July 18, 2014

"It's a beautiful house," Elliot murmured as they lingered in a corner of the ballroom nursing glasses of champagne.

The house was a palatial townhome, a monstrous ode to wealth, if not to taste. Olivia much preferred the treatment of the home under its previous owner, Fitzwilliam Perkins, Sr., but she kept her opinions to herself. The younger Fitzwilliam was their host this evening, and he did not appreciate being compared to his father. He also had no idea just how much time Olivia had spent in this house in her youth, when his father was in residence, and she intended to keep it that way. Those days were long gone; Fitz Sr. had been dead for a decade, and Olivia wasn't seventeen any more, and she did not intend to become Fitz Jr.'s favorite girl, as she had been his father's. She could be more selective, now.

"It is," she answered.

Under different circumstances, she might even have enjoyed it, attending a party full of the glittering elite, surrounded by interesting conversation and Michelin star food. As it was, however, she felt herself forced into attending, and found no joy in it; she had to keep Perkins sweet, and that meant not slighting him or his friends, and she needed to continue to conduct her business as if nothing were amiss, as if she wasn't planning to pull up stakes and run in a few months' time. She had to be here, had to be seen here, and she had to look the part. The dress had been chosen with care, that deep red dress that revealed so much of her body, though a bit of lace around the back and her long hair disguised her tattoo, the one piece of herself she most wanted to hide. On any other night she would have thought nothing at all of going out in a dress cut so low, with a slit so high, her nipples clearly visible through the fabric, but she had felt a moment's hesitation when she first saw Elliot's face.
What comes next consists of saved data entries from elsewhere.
lemma ray_equiv_imp_trunk_eq:
  assumes R: "is_ray V E R" and R': "is_ray V E R'" and equiv: "ray_equiv V E R R'"
  shows "trunk (range R) = trunk (range R')"
proof (rule ccontr)
  assume ne: "trunk (range R) \<noteq> trunk (range R')"
  obtain Q where Q: "rooted_ray Q" "trunk (range R) = range Q" using trunk_ray[OF R] by blast
  obtain Q' where Q': "rooted_ray Q'" "trunk (range R') = range Q'" using trunk_ray[OF R'] by blast
  obtain c c' where c: "c \<in> range Q" "c' \<in> range Q'" "up c \<inter> up c' = {}"
    "tree_down_strict V E r c = tree_down_strict V E r c'" "finite (tree_down_strict V E r c)"
  proof -
    have "Q \<noteq> Q'" using ne Q(2) Q'(2) by auto
    then show ?thesis using that rooted_rays_branch[OF Q(1) Q'(1)] by blast
  qed
  define X where "X = tree_down_strict V E r c"
  obtain m n xs where mn: "\<forall>k\<ge>m. R k \<notin> X" "\<forall>k\<ge>n. R' k \<notin> X"
    "gpath (V - X) (E \<inter> ((V - X) \<times> (V - X))) xs" "hd xs = R m" "last xs = R' n"
    using equiv[unfolded ray_equiv_def, rule_format, OF c(5)] unfolding X_def by blast
  have trunk: "c \<in> trunk (range R)" "c' \<in> trunk (range R')" using c Q Q' by auto
  obtain m1 where "\<And>k. k \<ge> m1 \<Longrightarrow> R k \<in> up c"
    using ray_eventually_in[OF R] trunk(1) trunk_iff by blast
  then have "c \<preceq> R (m + m1)" using up_iff by simp
  then have Rm: "c \<preceq> R m" using ray_tree_le_backward[OF R, of m c m m1] mn(1) X_def by blast
  obtain n1 where "\<And>k. k \<ge> n1 \<Longrightarrow> R' k \<in> up c'"
    using ray_eventually_in[OF R'] trunk(2) trunk_iff by blast
  then have "c' \<preceq> R' (n + n1)" using up_iff by simp
  then have R'n: "c' \<preceq> R' n" using ray_tree_le_backward[OF R', of n c' n n1] mn(2) c(4) X_def by blast
  have xs: "xs \<noteq> []" "set xs \<subseteq> V - X" "successively (\<lambda>x y. (x, y) \<in> E) xs"
    using mn(3) unfolding gpath_iff_successively by (auto elim: successively_mono)
  moreover have "set xs \<inter> tree_down_strict V E r c = {}" using xs(2) X_def by blast
  ultimately have "\<forall>x\<in>set xs. c \<preceq> x" using up_path_closed[of xs c] Rm mn(4) by simp
  then have "c \<preceq> R' n" using last_in_set[OF xs(1)] mn(5) by simp
  then show False using R'n c(3) up_iff by blast
qed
Had wondered, for the first time in a very long while, what someone else might think of her. If he would like it, or if he would be disappointed in her, somehow. The expression he wore when he first laid eyes on her quieted those fears, however; evidently, Elliot liked the dress. Evidently, he liked it very much.

And so far he had been the perfect companion for the evening; he had remained a pace behind her, his hands caught behind his back, a soldier at ease, not touching her or demanding her attention. He had been quiet, all but invisible when Perkins greeted them upon their arrival, and he made no attempts to steer her one way or another, and he did not pepper her with questions, though she was certain he must have had plenty. About the guests, about the purpose of this party where men in fine suits and ladies in evening dresses were discussing the business of the city, about Noah. Christ, she hadn't meant for him to find out about Noah, and now that he knew she had no idea what he'd do with that information. Elliot was a father, though, and he'd sworn to keep her secret. Perhaps she would simply have to trust him, as impossible as that seemed.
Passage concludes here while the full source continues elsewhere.